Return every line of the data that contains the string "cases".
────────
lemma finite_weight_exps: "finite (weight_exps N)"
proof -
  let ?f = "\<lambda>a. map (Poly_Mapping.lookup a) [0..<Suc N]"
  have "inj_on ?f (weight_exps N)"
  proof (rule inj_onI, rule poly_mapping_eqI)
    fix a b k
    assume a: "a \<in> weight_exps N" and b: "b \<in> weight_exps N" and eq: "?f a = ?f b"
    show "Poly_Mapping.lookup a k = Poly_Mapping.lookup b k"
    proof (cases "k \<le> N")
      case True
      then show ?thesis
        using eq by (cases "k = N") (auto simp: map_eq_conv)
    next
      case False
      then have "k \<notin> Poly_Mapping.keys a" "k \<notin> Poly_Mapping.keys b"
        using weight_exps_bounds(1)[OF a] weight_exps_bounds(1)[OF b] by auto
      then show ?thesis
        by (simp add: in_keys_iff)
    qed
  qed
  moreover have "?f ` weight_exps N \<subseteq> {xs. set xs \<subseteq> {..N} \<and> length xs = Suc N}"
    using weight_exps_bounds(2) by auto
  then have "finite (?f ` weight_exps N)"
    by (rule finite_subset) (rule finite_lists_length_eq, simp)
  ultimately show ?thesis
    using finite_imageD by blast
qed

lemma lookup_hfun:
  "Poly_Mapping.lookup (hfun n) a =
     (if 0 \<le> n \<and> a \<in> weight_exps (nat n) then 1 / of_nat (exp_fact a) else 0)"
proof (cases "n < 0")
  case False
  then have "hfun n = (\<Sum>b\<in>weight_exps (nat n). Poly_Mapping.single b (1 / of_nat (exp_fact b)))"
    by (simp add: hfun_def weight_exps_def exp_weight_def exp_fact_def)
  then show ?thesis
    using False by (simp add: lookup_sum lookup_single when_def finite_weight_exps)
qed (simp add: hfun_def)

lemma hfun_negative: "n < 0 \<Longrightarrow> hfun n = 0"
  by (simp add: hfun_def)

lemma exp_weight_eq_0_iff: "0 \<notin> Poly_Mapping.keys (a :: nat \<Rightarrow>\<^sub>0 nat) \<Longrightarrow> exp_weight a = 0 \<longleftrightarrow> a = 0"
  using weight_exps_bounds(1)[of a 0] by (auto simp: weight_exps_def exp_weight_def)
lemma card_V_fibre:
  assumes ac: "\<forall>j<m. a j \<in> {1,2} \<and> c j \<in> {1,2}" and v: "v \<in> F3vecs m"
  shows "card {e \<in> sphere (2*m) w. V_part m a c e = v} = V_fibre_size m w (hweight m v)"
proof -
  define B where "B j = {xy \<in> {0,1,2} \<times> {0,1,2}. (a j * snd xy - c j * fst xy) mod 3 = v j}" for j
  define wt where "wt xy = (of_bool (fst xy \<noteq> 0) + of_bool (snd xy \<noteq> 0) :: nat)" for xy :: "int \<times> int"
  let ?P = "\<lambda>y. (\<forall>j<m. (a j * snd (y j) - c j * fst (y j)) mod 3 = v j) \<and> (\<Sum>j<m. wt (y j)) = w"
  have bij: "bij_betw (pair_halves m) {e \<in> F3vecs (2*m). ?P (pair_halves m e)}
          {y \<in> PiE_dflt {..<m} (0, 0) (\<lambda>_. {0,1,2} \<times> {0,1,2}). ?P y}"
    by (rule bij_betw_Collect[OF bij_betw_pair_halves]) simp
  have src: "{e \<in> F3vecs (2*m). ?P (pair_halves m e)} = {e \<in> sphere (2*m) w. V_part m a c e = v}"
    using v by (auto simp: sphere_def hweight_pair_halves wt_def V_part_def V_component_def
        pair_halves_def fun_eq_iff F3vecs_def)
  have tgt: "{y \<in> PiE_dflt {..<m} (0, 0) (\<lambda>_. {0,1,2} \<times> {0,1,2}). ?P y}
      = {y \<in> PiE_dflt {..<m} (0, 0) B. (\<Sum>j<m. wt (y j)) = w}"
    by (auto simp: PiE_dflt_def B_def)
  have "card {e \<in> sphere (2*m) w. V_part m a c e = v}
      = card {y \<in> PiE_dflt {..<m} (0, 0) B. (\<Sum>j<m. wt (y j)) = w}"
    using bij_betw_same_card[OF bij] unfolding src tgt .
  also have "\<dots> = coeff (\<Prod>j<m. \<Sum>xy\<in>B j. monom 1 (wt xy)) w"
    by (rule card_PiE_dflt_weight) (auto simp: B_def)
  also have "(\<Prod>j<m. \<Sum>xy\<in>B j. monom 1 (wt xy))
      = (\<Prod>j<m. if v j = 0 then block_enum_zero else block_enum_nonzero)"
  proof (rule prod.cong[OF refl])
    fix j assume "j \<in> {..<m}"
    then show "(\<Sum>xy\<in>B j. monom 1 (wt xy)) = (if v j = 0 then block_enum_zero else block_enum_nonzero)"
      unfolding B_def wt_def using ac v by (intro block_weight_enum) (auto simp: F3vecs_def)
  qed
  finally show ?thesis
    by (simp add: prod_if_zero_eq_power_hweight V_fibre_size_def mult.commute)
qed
────────
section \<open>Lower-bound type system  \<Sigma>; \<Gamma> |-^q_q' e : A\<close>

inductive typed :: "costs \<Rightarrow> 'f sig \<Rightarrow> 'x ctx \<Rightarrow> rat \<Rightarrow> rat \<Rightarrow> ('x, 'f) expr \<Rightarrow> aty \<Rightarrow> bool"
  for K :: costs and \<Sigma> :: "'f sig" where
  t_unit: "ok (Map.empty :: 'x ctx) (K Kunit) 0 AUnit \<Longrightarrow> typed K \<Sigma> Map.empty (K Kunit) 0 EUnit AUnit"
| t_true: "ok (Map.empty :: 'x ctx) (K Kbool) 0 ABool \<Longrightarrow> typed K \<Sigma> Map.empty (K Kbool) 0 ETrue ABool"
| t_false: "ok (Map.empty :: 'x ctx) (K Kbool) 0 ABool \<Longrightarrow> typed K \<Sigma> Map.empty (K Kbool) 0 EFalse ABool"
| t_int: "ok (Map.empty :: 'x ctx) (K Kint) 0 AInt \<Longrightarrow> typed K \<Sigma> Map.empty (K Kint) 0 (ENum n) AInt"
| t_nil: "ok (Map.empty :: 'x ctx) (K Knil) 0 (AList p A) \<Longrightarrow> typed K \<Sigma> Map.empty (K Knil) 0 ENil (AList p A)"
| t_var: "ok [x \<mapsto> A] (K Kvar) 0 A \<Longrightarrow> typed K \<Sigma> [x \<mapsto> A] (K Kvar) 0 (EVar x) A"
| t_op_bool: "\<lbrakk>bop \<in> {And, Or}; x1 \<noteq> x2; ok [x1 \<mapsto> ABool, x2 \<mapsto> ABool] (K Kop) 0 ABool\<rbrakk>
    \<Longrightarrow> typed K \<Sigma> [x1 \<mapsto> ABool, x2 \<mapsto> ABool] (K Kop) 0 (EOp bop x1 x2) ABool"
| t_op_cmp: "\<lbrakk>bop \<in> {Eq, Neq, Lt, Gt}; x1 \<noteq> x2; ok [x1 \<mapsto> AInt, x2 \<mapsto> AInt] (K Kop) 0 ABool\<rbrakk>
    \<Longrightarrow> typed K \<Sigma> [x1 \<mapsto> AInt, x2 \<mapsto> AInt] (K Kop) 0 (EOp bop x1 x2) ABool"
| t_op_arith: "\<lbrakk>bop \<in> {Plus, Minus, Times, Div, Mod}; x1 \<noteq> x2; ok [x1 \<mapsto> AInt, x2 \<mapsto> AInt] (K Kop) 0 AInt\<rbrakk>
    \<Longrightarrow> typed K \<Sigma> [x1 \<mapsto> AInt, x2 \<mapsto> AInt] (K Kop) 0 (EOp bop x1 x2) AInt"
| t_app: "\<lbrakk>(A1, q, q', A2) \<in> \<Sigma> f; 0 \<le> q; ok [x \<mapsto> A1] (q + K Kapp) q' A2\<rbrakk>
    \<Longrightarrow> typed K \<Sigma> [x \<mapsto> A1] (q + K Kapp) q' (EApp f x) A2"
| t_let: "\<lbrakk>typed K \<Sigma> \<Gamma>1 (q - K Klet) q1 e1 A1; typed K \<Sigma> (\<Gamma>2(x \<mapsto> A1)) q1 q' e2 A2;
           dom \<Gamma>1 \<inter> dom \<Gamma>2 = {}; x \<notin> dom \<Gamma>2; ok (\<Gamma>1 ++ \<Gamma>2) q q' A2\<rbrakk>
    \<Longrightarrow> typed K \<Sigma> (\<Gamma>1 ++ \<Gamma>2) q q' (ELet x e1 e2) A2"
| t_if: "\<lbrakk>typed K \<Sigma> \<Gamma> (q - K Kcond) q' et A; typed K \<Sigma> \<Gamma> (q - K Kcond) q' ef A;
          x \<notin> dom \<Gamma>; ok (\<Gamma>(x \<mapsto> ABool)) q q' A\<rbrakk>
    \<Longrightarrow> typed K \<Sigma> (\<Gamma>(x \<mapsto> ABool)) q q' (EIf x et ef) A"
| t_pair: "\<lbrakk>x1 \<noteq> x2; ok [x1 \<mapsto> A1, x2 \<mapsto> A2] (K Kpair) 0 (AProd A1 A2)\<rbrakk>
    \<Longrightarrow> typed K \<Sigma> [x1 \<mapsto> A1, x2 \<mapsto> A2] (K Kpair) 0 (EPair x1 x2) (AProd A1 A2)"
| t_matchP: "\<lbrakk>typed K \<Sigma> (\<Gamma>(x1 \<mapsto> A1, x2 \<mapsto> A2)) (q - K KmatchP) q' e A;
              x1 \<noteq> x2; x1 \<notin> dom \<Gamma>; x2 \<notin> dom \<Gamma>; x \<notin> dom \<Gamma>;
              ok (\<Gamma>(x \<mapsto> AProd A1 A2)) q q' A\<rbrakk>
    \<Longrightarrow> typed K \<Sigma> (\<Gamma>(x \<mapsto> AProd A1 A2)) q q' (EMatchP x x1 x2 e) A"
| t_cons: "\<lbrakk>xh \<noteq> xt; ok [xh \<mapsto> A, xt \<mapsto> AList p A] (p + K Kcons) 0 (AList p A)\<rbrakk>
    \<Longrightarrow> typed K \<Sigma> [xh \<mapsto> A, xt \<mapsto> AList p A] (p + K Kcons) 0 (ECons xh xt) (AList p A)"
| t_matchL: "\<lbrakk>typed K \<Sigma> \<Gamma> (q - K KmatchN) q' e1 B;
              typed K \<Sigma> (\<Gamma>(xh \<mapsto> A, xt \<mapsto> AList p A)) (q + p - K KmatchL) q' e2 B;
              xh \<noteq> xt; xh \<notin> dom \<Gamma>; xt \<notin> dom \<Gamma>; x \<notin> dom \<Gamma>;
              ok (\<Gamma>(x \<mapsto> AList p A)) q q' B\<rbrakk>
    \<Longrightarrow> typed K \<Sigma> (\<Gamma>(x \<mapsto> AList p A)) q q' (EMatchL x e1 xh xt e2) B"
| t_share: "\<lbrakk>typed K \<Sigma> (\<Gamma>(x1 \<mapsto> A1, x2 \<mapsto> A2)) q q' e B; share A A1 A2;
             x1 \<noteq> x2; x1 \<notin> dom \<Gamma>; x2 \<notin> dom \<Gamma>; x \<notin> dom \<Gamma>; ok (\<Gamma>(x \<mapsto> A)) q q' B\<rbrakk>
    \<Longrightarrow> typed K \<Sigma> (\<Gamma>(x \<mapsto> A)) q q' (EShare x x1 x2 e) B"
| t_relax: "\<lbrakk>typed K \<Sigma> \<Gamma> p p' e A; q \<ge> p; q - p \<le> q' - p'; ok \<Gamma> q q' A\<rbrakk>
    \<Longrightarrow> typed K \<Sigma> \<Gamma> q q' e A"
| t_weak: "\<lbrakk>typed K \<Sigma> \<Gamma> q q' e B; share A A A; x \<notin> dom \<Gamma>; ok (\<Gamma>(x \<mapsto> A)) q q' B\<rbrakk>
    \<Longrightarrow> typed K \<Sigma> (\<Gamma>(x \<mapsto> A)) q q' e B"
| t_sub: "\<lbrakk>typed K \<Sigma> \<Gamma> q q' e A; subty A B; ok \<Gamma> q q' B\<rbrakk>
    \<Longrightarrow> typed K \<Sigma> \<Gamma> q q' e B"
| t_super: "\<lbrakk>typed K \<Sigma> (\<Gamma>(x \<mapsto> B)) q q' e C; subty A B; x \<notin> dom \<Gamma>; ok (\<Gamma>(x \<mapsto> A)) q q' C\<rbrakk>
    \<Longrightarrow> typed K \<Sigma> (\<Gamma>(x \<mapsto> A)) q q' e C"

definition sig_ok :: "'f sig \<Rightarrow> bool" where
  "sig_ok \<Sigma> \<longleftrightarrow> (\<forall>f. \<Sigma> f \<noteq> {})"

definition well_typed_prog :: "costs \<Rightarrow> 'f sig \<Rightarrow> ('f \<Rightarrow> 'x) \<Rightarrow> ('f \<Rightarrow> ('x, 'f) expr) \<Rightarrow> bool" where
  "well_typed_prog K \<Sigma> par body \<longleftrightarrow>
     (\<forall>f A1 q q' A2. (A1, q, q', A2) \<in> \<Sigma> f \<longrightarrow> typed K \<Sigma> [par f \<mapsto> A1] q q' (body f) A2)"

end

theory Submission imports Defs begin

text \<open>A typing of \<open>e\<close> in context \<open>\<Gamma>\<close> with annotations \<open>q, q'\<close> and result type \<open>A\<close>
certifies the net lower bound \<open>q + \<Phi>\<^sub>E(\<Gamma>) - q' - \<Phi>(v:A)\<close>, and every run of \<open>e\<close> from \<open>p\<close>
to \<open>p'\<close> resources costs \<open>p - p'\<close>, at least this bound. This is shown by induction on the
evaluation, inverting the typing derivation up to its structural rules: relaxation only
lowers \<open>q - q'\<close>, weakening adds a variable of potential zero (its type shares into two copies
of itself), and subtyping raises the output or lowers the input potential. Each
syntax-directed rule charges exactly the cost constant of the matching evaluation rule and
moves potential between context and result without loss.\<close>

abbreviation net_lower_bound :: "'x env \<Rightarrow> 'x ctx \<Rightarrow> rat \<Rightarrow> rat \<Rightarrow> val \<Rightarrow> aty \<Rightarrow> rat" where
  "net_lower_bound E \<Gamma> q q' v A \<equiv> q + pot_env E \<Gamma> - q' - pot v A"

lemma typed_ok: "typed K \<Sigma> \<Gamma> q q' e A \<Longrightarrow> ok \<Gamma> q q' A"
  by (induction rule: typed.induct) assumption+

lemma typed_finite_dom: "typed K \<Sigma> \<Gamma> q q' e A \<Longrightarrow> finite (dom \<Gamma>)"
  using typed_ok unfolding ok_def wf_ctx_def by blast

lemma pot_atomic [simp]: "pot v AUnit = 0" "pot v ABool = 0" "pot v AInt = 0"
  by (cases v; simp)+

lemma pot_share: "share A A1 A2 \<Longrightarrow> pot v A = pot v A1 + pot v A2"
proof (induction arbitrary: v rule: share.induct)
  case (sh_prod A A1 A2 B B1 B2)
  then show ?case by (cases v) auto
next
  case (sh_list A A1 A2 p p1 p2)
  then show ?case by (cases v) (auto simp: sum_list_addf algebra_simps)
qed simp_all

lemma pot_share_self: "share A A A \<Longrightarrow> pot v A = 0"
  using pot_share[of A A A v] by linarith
────────
OUTPUT:
    proof (cases "k \<le> N")
        using eq by (cases "k = N") (auto simp: map_eq_conv)
proof (cases "n < 0")
  by (cases v; simp)+
  then show ?case by (cases v) auto
  then show ?case by (cases v) (auto simp: sum_list_addf algebra_simps)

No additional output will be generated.